My comment about pluralism referred to Hinduism in the USA, not
to Hinduism in general.  Here, if any practicing Hindus are
asked, they'll tend to say they practice the sanaatan dharma, an
'omnium gatherum' concept that helps to ward off what to them are
probably boring questions or ones that strike them as annoyingly
snoopy.

Joanna 
==================================

-----Original Message-----
From: buddha-l-bounces at mailman.swcp.com
[mailto:buddha-l-bounces at mailman.swcp.com] On Behalf Of Curt
Steinmetz
Sent: Sunday, January 18, 2009 9:18 AM
To: Buddhist discussion forum
Subject: Re: [Buddha-l] Religion and political affliliation

According to the ARIS study there were 766,000 Hindus in the US
in 2001. 
Here is a link to the 47 page pdf for the 2001 American Religious
Identification Study at CUNY:
http://tinyurl.com/ay8k3u

This is higher than the numbers for several important Christian
sects, including Seventh Day Adventists,  Eastern Orthodox, and
Mennonites.

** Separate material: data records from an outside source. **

lemma transmission_matrix_2_eq:
  "transmission_matrix 2 r v vr \<omega> \<delta> = mat 4 4 (transmission_entries_2 r v vr \<omega> \<delta>)"
proof (rule eq_matI)
  fix i j assume "i < dim_row (mat 4 4 (transmission_entries_2 r v vr \<omega> \<delta>))"
    "j < dim_col (mat 4 4 (transmission_entries_2 r v vr \<omega> \<delta>))"
  then have "i < 4" "j < 4" by simp_all
  then show "transmission_matrix 2 r v vr \<omega> \<delta> $$ (i, j)
      = mat 4 4 (transmission_entries_2 r v vr \<omega> \<delta>) $$ (i, j)"
    using less_4_cases[OF \<open>i < 4\<close>] less_4_cases[OF \<open>j < 4\<close>]
    unfolding transmission_matrix_def Let_def transmission_entries_2_def
    by (elim disjE) (simp_all add: numeral_2_eq_2[symmetric])
qed (simp_all add: transmission_matrix_def Let_def)

lemma transmission_entries_2_zero:
  shows "transmission_entries_2 r v vr \<omega> \<delta> (2,0) = 0"
    and "transmission_entries_2 r v vr \<omega> \<delta> (3,0) = 0"
    and "transmission_entries_2 r v vr \<omega> \<delta> (0,3) = 0"
    and "transmission_entries_2 r v vr \<omega> \<delta> (1,3) = 0"
  by (simp_all add: transmission_entries_2_def blockM_def blockR_def blockL_def)

lemma transmission_entries_2_simps:
  shows "transmission_entries_2 r v vr \<omega> \<delta> (0,0) = - sph_h (\<omega> / of_real v * of_real (r 1))"
    and "transmission_entries_2 r v vr \<omega> \<delta> (0,1) = sph_j (\<omega> / of_real vr * of_real (r 1))"
    and "transmission_entries_2 r v vr \<omega> \<delta> (0,2) = sph_h (\<omega> / of_real vr * of_real (r 1))"
    and "transmission_entries_2 r v vr \<omega> \<delta> (1,0) = - of_real \<delta>
        * deriv sph_h (\<omega> / of_real v * of_real (r 1))"
    and "transmission_entries_2 r v vr \<omega> \<delta> (1,1) = of_real (v/vr)
        * deriv sph_j (\<omega> / of_real vr * of_real (r 1))"
    and "transmission_entries_2 r v vr \<omega> \<delta> (1,2) = of_real (v/vr)
        * deriv sph_h (\<omega> / of_real vr * of_real (r 1))"
    and "transmission_entries_2 r v vr \<omega> \<delta> (2,1) = - sph_j (\<omega> / of_real vr * of_real (r 2))"
    and "transmission_entries_2 r v vr \<omega> \<delta> (2,2) = - sph_h (\<omega> / of_real vr * of_real (r 2))"
    and "transmission_entries_2 r v vr \<omega> \<delta> (2,3) = sph_j (\<omega> / of_real v * of_real (r 2))"
    and "transmission_entries_2 r v vr \<omega> \<delta> (3,1) = - of_real (v/vr)
        * deriv sph_j (\<omega> / of_real vr * of_real (r 2))"
    and "transmission_entries_2 r v vr \<omega> \<delta> (3,2) = - of_real (v/vr)
        * deriv sph_h (\<omega> / of_real vr * of_real (r 2))"
    and "transmission_entries_2 r v vr \<omega> \<delta> (3,3) = of_real \<delta>
        * deriv sph_j (\<omega> / of_real v * of_real (r 2))"
  by (simp_all add: transmission_entries_2_def blockM_def blockR_def blockL_def)

lemma det_transmission_matrix_2:
  fixes v vr \<epsilon> :: real and w :: complex and r :: "nat \<Rightarrow> real"
  assumes "0 < v" "0 < vr" "0 < r 2" "0 < r 1" "0 < \<epsilon>" "w \<noteq> 0"
  shows "det (transmission_matrix 2 r v vr (of_real \<epsilon> * w) (\<epsilon>^2)) =
    exp (\<i> * (of_real \<epsilon> * of_real (r 1 / v) * w)) * of_real (v / vr) * of_real \<epsilon>^2
      / ((of_real \<epsilon> * of_real (r 2 / vr) * w)^2 * (of_real \<epsilon> * of_real (r 1 / v) * w)^2)
      * reduced_det_shell (r 1 / vr) (r 2 / vr) (r 1 / v) (r 2 / v) (v / vr) w \<epsilon>"
proof -
  define x1 where "x1 = of_real \<epsilon> * of_real (r 1 / vr) * w"
  define x2 where "x2 = of_real \<epsilon> * of_real (r 2 / vr) * w"
  define y1 where "y1 = of_real \<epsilon> * of_real (r 1 / v) * w"
  define y2 where "y2 = of_real \<epsilon> * of_real (r 2 / v) * w"
  have x10: "x1 \<noteq> 0" and y10: "y1 \<noteq> 0" and x20: "x2 \<noteq> 0" and y20: "y2 \<noteq> 0"
    using assms by (auto simp: x1_def y1_def x2_def y2_def)
  have ex1: "of_real \<epsilon> * w / of_real vr * of_real (r 1) = x1"
    using assms by (simp add: x1_def field_simps)
  have ex2: "of_real \<epsilon> * w / of_real vr * of_real (r 2) = x2"
    using assms by (simp add: x2_def field_simps)
  have ey1: "of_real \<epsilon> * w / of_real v * of_real (r 1) = y1"
    using assms by (simp add: y1_def field_simps)
  have ey2: "of_real \<epsilon> * w / of_real v * of_real (r 2) = y2"
    using assms by (simp add: y2_def field_simps)
  have "det (transmission_matrix 2 r v vr (of_real \<epsilon> * w) (\<epsilon>^2)) =
      - (- \<i> * exp (\<i> * y1) / y1)
          * (of_real (v/vr) * ((x1 * cos x1 - sin x1) / x1^2)
          * (- (- \<i> * (cos x2 + \<i> * sin x2) / x2)
          * (of_real (\<epsilon>^2) * ((y2 * cos y2 - sin y2) / y2^2)) - sin y2 / y2
          * (- of_real (v/vr) * ((cos x2 + \<i> * sin x2) * (x2 + \<i>) / x2^2)))
          - of_real (v/vr) * ((cos x1 + \<i> * sin x1) * (x1 + \<i>) / x1^2)
              * (- (sin x2 / x2) * (of_real (\<epsilon>^2) * ((y2 * cos y2 - sin y2) / y2^2)) - sin y2 / y2
              * (- of_real (v/vr) * ((x2 * cos x2 - sin x2) / x2^2))))
      - (- of_real (\<epsilon>^2) * (exp (\<i> * y1) * (y1 + \<i>) / y1^2))
          * (sin x1 / x1
          * (- (- \<i> * (cos x2 + \<i> * sin x2) / x2)
          * (of_real (\<epsilon>^2) * ((y2 * cos y2 - sin y2) / y2^2)) - sin y2 / y2
          * (- of_real (v/vr) * ((cos x2 + \<i> * sin x2) * (x2 + \<i>) / x2^2)))
          - (- \<i> * (cos x1 + \<i> * sin x1) / x1)
              * (- (sin x2 / x2) * (of_real (\<epsilon>^2) * ((y2 * cos y2 - sin y2) / y2^2)) - sin y2 / y2
              * (- of_real (v/vr) * ((x2 * cos x2 - sin x2) / x2^2))))"
    unfolding transmission_matrix_2_eq
    unfolding det_mat_4_sparse[of "transmission_entries_2 r v vr (of_real \<epsilon> * w) (\<epsilon>^2)",
        OF transmission_entries_2_zero]
    unfolding transmission_entries_2_simps
    unfolding ex1 ex2 ey1 ey2
    unfolding deriv_sph_j[OF x10] deriv_sph_j[OF x20] deriv_sph_j[OF y20] deriv_sph_h[OF y10]
        deriv_sph_h[OF x10] deriv_sph_h[OF x20]
    unfolding sph_h_def sph_j_def
    unfolding exp_Euler[of x1] exp_Euler[of x2] ..
  also have "\<dots> = exp (\<i> * y1) * of_real (v / vr) * of_real \<epsilon>^2 / (x2^2 * y1^2) *
       ((of_real (r 1 / vr) * w)^2 * ((sin x1 - x1 * cos x1) / x1^3)
           * (sin y2 / y2 * (cos x2 + x2 * sin x2) - of_real \<epsilon>^4 * (of_real (r 2 / vr) * w)^2
           * cos x2 * ((sin y2 - y2 * cos y2) / y2^3) / of_real (v / vr)^2)
        - (cos x1 + x1 * sin x1)
            * ((of_real (r 2 / vr) * w)^3 * (sin y2 / y2) * ((sin x2 - x2 * cos x2) / x2^3)
            - of_real \<epsilon>^2 * (of_real (r 2 / vr) * w)^2 * (of_real (r 2 / v) * w) * (sin x2 / x2)
            * ((sin y2 - y2 * cos y2) / y2^3) / of_real (v / vr)) / (of_real (r 1 / vr) * w)
        - (1 - \<i> * of_real \<epsilon> * (of_real (r 1 / v) * w))
            * (sin x1 / x1
            * (sin y2 / y2 * (cos x2 + x2 * sin x2) - of_real \<epsilon>^4 * (of_real (r 2 / vr) * w)^2
            * cos x2 * ((sin y2 - y2 * cos y2) / y2^3) / of_real (v / vr)^2)
             - of_real \<epsilon>^2 * cos x1
                 * ((of_real (r 2 / vr) * w)^3 * (sin y2 / y2) * ((sin x2 - x2 * cos x2) / x2^3)
                 - of_real \<epsilon>^2 * (of_real (r 2 / vr) * w)^2 * (of_real (r 2 / v) * w)
                 * (sin x2 / x2) * ((sin y2 - y2 * cos y2) / y2^3) / of_real (v / vr))
                 / (of_real (r 1 / vr) * w)))"
  proof (rule det_shell_identity)
    show "complex_of_real (v / vr) \<noteq> 0" "complex_of_real \<epsilon> \<noteq> 0" "complex_of_real (r 1 / v)
        * w \<noteq> 0" "complex_of_real (r 2 / v) * w \<noteq> 0"
      using assms by auto
    show "x1 = complex_of_real (v / vr) * y1" "x2 = complex_of_real (v / vr) * y2"
      using assms by (simp_all add: x1_def y1_def x2_def y2_def field_simps)
    show "y1 = complex_of_real \<epsilon> * (complex_of_real (r 1 / v) * w)" "y2 = complex_of_real \<epsilon>
        * (complex_of_real (r 2 / v) * w)"
      by (simp_all add: y1_def y2_def mult.assoc)
    show "complex_of_real (r 1 / vr) * w = complex_of_real (v / vr)
        * (complex_of_real (r 1 / v) * w)"
      "complex_of_real (r 2 / vr) * w = complex_of_real (v / vr) * (complex_of_real (r 2 / v) * w)"
      using assms by (simp_all add: field_simps)
    show "complex_of_real (\<epsilon>^2) = complex_of_real \<epsilon> ^ 2" by simp
  qed
  also have "\<dots> = exp (\<i> * y1) * of_real (v / vr) * of_real \<epsilon>^2 / (x2^2 * y1^2)
      * reduced_det_shell (r 1 / vr) (r 2 / vr) (r 1 / v) (r 2 / v) (v / vr) w \<epsilon>"
    unfolding reduced_det_shell_def inner_minor_W_def inner_minor_V_def j1_over_z_def
        cos_plus_z_sin_def sph_j_def x1_def x2_def y1_def y2_def ..
  finally show ?thesis unfolding x2_def y1_def .
qed

lemma reduced_det_ball_holomorphic: "a1 \<noteq> 0 \<Longrightarrow> \<epsilon> \<noteq> 0
    \<Longrightarrow> (\<lambda>w. reduced_det_ball a1 b1 w \<epsilon>) holomorphic_on (- {0})"
  unfolding reduced_det_ball_def j1_over_z_def sph_j_def by (auto intro!: holomorphic_intros)

lemma reduced_det_ball_continuous: "a1 \<noteq> 0 \<Longrightarrow> w \<noteq> 0
    \<Longrightarrow> continuous_on {0<..} (\<lambda>\<epsilon>. reduced_det_ball a1 b1 w \<epsilon>)"
  unfolding reduced_det_ball_def j1_over_z_def sph_j_def by (auto intro!: continuous_intros)

lemma reduced_det_shell_holomorphic: "a1 \<noteq> 0 \<Longrightarrow> a2 \<noteq> 0 \<Longrightarrow> b2 \<noteq> 0 \<Longrightarrow> \<tau> \<noteq> 0 \<Longrightarrow> \<epsilon> \<noteq> 0
    \<Longrightarrow> (\<lambda>w. reduced_det_shell a1 a2 b1 b2 \<tau> w \<epsilon>) holomorphic_on (- {0})"
  unfolding reduced_det_shell_def inner_minor_W_def inner_minor_V_def j1_over_z_def sph_j_def
      cos_plus_z_sin_def by (intro holomorphic_intros) auto

lemma reduced_det_shell_continuous: "a1 \<noteq> 0 \<Longrightarrow> a2 \<noteq> 0 \<Longrightarrow> b2 \<noteq> 0 \<Longrightarrow> \<tau> \<noteq> 0 \<Longrightarrow> w \<noteq> 0
    \<Longrightarrow> continuous_on {0<..} (\<lambda>\<epsilon>. reduced_det_shell a1 a2 b1 b2 \<tau> w \<epsilon>)"
  unfolding reduced_det_shell_def inner_minor_W_def inner_minor_V_def j1_over_z_def sph_j_def
      cos_plus_z_sin_def by (auto intro!: continuous_intros)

It is over three times the number for the sect that
my maternal grandparents belonged to: Christian Science. It is
also over 100,000 more than the number of UU's. In 2001 there
were 100,000 more Hindus than there were members of the
Assemblies of God (Sarah Palin's church) in 1990.

Hinduism, by the way, is an exceedingly pluralist religion.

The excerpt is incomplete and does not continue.